Im Erbrechtsvertrag wird dem Müller eine Stube mit Stubenkammer und ein Gewölb zugestanden, „aus welchem jedoch eine Kuchen von dem Erbrechter verförtigt werden müsse“, weiterhin das „Erdaepfelkellerl“, der Hausboden, die Hälfte von Stall und Stadel sowie die nötige Hofraith. Es ist unschwer zu schließen, dass mit der Stube und der Stubenkammer die Räume gemeint waren, die jeweils durch eine Tür mit der Mühle verbunden sind, der Keller ist ebenfalls nur von der Mühle aus zugänglich. Mit dem Gewölbe erhielt der Müller einen Raum, der bislang nicht als Küche gedient hat, wohl aber einen Kamin besitzt. Aus dem Jahr 1762 wissen wir, dass der damalige Müller steuerpflichtig war für eine Herdstätte im Rauberweiherhaus und dass er in seinem eigenen Haus keine Küche nutzte. Die bauhistorischen Befunde sagen aus, dass die Küche rechts einer stärkeren Nutzung unterlegen war als die linke Küche. Man könnt nun folgern, dass vor 1793 nur eine einzige Küche im Erdgeschoß existierte. Die übrigen gewölbten Räume müssten demnach als Gewölbe, d. h. zur Lagerung von Lebensmitteln und Gerätschaften gedient haben. (und
Einheize!)
Es ist zuletzt die Möglichkeit zu prüfen, ob neben dem Müller nicht auch ein Jäger als Bediensteter im Rauberweiherhaus gewohnt haben könnte. Bekannt ist bereits der Jäger Erhard Venzl (+1757), der 1727 von Simon Sechser ein Haus „zur Unterhaltung eines Hüters“ für seine treuen Dienste erhalten hat. Vorher noch wurde sein Vater Georg Venzl erwähnt.
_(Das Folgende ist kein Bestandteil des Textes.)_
(* The axiom system $\mathbf{AX}^{f}=\{\mathrm{Taut},\mathrm{MP},F1,F2,F3,F4,F5,F6\}$ is sound and complete for formulas about linear inequalities over real-valued functions with nonempty domain: such a formula is provable in $\mathbf{AX}^f$ iff it is valid.
   Context: Formulas about linear inequalities over real-valued functions are Boolean combinations of inequalities $a_1v_1+\cdots+a_kv_k\ge\tilde c$, where $v_1,v_2,\ldots$ are variables and $a_i,c$ are real numbers. Such a formula is satisfied by an assignment of functions $D\to\mathbb R$ (for a nonempty set $D$) to the variables if it holds when $\tilde c$ is read as the constant function $c$ on $D$, sums and scalar multiples pointwise, and $\ge$ as the pointwise order; Boolean connectives classical. It is valid if satisfied by every such assignment for every nonempty $D$. Abbreviations: $t\le\tilde d$ is $-t\ge\widetilde{-d}$; $t>\tilde d$ is $t\ge\tilde d\wedge\neg(t\le\tilde d)$. Axioms: Taut: all instances of propositional tautologies. MP: from $f$ and $f\Rightarrow g$ infer $g$. F1: $v-v\ge\tilde0$. F2: $(a_1v_1+\cdots+a_kv_k\ge\tilde c)\Leftrightarrow(a_1v_1+\cdots+a_kv_k+0v_{k+1}\ge\tilde c)$. F3: $(a_1v_1+\cdots+a_kv_k\ge\tilde c)\Leftrightarrow(a_{j_1}v_{j_1}+\cdots+a_{j_k}v_{j_k}\ge\tilde c)$ for any permutation $j_1,\ldots,j_k$ of $1,\ldots,k$. F4: $(a_1v_1+\cdots+a_kv_k\ge\tilde c)\wedge(a'_1v_1+\cdots+a'_kv_k\ge\tilde c')\Rightarrow((a_1+a'_1)v_1+\cdots+(a_k+a'_k)v_k\ge\widetilde{c+c'})$. F5: $(a_1v_1+\cdots+a_kv_k\ge\tilde c)\Leftrightarrow(da_1v_1+\cdots+da_kv_k\ge\widetilde{dc})$ for $d>0$. F6: $(a_1v_1+\cdots+a_kv_k\ge\tilde c)\Rightarrow(a_1v_1+\cdots+a_kv_k>\tilde d)$ if $c>d$. *)

theory Defs
  imports Complex_Main "HOL-Library.Multiset"
begin

text \<open>A term a1 v1 + ... + ak vk is a list of (coefficient, variable index) pairs;
  repetitions of variables are allowed (cf. axiom F1). Well-formed terms are nonempty (k >= 1).\<close>

type_synonym lterm = "(real \<times> nat) list"

datatype fm = Ge lterm real | Neg fm | Conj fm fm

definition Imp :: "fm \<Rightarrow> fm \<Rightarrow> fm" where
  "Imp f g = Neg (Conj f (Neg g))"

definition Iff :: "fm \<Rightarrow> fm \<Rightarrow> fm" where
  "Iff f g = Conj (Imp f g) (Imp g f)"

definition Le :: "lterm \<Rightarrow> real \<Rightarrow> fm" where
  "Le t d = Ge (map (\<lambda>(a, v). (- a, v)) t) (- d)"

definition Gt :: "lterm \<Rightarrow> real \<Rightarrow> fm" where
  "Gt t d = Conj (Ge t d) (Neg (Le t d))"

fun wff :: "fm \<Rightarrow> bool" where
  "wff (Ge t c) = (t \<noteq> [])"
| "wff (Neg f) = wff f"
| "wff (Conj f g) = (wff f \<and> wff g)"

text \<open>An assignment gives each variable a function; only its values on D matter.\<close>
definition tval :: "lterm \<Rightarrow> (nat \<Rightarrow> 'd \<Rightarrow> real) \<Rightarrow> 'd \<Rightarrow> real" where
  "tval t \<sigma> x = (\<Sum>(a, v)\<leftarrow>t. a * \<sigma> v x)"

fun sat :: "'d set \<Rightarrow> (nat \<Rightarrow> 'd \<Rightarrow> real) \<Rightarrow> fm \<Rightarrow> bool" where
  "sat D \<sigma> (Ge t c) = (\<forall>x\<in>D. tval t \<sigma> x \<ge> c)"
| "sat D \<sigma> (Neg f) = (\<not> sat D \<sigma> f)"
| "sat D \<sigma> (Conj f g) = (sat D \<sigma> f \<and> sat D \<sigma> g)"

definition valid :: "'d itself \<Rightarrow> fm \<Rightarrow> bool" where
  "valid _ f \<longleftrightarrow> (\<forall>(D :: 'd set) (\<sigma> :: nat \<Rightarrow> 'd \<Rightarrow> real). D \<noteq> {} \<longrightarrow> sat D \<sigma> f)"

datatype pf = PVar nat | PNot pf | PAnd pf pf

fun peval :: "(nat \<Rightarrow> bool) \<Rightarrow> pf \<Rightarrow> bool" where
  "peval \<beta> (PVar n) = \<beta> n"
| "peval \<beta> (PNot p) = (\<not> peval \<beta> p)"
| "peval \<beta> (PAnd p q) = (peval \<beta> p \<and> peval \<beta> q)"

definition tautology :: "pf \<Rightarrow> bool" where
  "tautology p \<longleftrightarrow> (\<forall>\<beta>. peval \<beta> p)"

fun psubst :: "(nat \<Rightarrow> fm) \<Rightarrow> pf \<Rightarrow> fm" where
  "psubst s (PVar n) = s n"
| "psubst s (PNot p) = Neg (psubst s p)"
| "psubst s (PAnd p q) = Conj (psubst s p) (psubst s q)"

inductive axiom :: "fm \<Rightarrow> bool" where
  Taut: "tautology p \<Longrightarrow> wff (psubst s p) \<Longrightarrow> axiom (psubst s p)"
| F1: "axiom (Ge [(1, v), (-1, v)] 0)"
| F2: "t \<noteq> [] \<Longrightarrow> axiom (Iff (Ge t c) (Ge (t @ [(0, w)]) c))"
| F3: "t \<noteq> [] \<Longrightarrow> mset t' = mset t \<Longrightarrow> axiom (Iff (Ge t c) (Ge t' c))"
| F4: "vs \<noteq> [] \<Longrightarrow> length as = length vs \<Longrightarrow> length as' = length vs \<Longrightarrow>
       axiom (Imp (Conj (Ge (zip as vs) c) (Ge (zip as' vs) c'))
                  (Ge (zip (map2 (+) as as') vs) (c + c')))"
| F5: "vs \<noteq> [] \<Longrightarrow> length as = length vs \<Longrightarrow> d > 0 \<Longrightarrow>
       axiom (Iff (Ge (zip as vs) c) (Ge (zip (map (\<lambda>a. d * a) as) vs) (d * c)))"
| F6: "t \<noteq> [] \<Longrightarrow> c > d \<Longrightarrow> axiom (Imp (Ge t c) (Gt t d))"

inductive provable :: "fm \<Rightarrow> bool" where
  Ax: "axiom f \<Longrightarrow> provable f"
| MP: "provable f \<Longrightarrow> provable (Imp f g) \<Longrightarrow> provable g"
In den Jahren 1730 und 1735 begegnen uns in den Quellen der ledige Jäger Caspary Reichert und Caspar Schwab, ebenfalls von 1735 an erscheint der Jäger Johann Caspar Graß. Dieser ist bis 1752 mit seiner Frau und sieben Kindern nachweisbar. Leider konnte bisher kein vollständiges Verzeichnis aller Bewohner des Landsassengutes vor 1762 gefunden werden. Dann finden wir zwar Christine Grasin, wohl die Witwe des Johann Caspar Graß, als Inwohnerin des Zimmermanns mit dem Zusatz „bettelt Brod“, aber keinen Jäger, auch nicht als Inwohner im Rauberweiherhaus selbst. Der spätere Herrschaftliche Jäger Leonhard Landsmann, gleichzeitig als „Handgietlinhaber“ verzeichnet, geht 1793 den Erbrechtsvertrag um die Mühle ein, die er wiederum an einen Müller verpachtet. Ihm gehört das sog. „Jägerhäusl“ ein Tropfhaus mit Grasgarten, Kuh- und Schweinestall und halbem Stadel. Dieses Jägerhaus wurde 1817 als mit dem herrschaftlichen Schloß verbunden verzeichnet und könnte identisch sein mit dem Haus des Erhard Venzl und dem 1762 genannten „herrschaftl. Hütthauß“, einer bloßen Inwohnung für den Hirten. Dieser wiederum lebte zu dieser Zeit vom Betteln. War nun vielleicht der Jäger gleichzeitig Hirte und wohnte in dem Haus, das 1725 für den Hirten Hans Dürrigl gebaut worden war? Damit ist jedoch nicht auszuschließen, dass das Jägeramt als Nebenerwerb zeitweise von einem Bediensteten im Rauberweiherhaus oder einem anderen Bewohner der Ansiedlung ausgeübt wurde. In den historischen Quellen gibt es für keine dieser Möglichkeiten bisher einen Hinweis.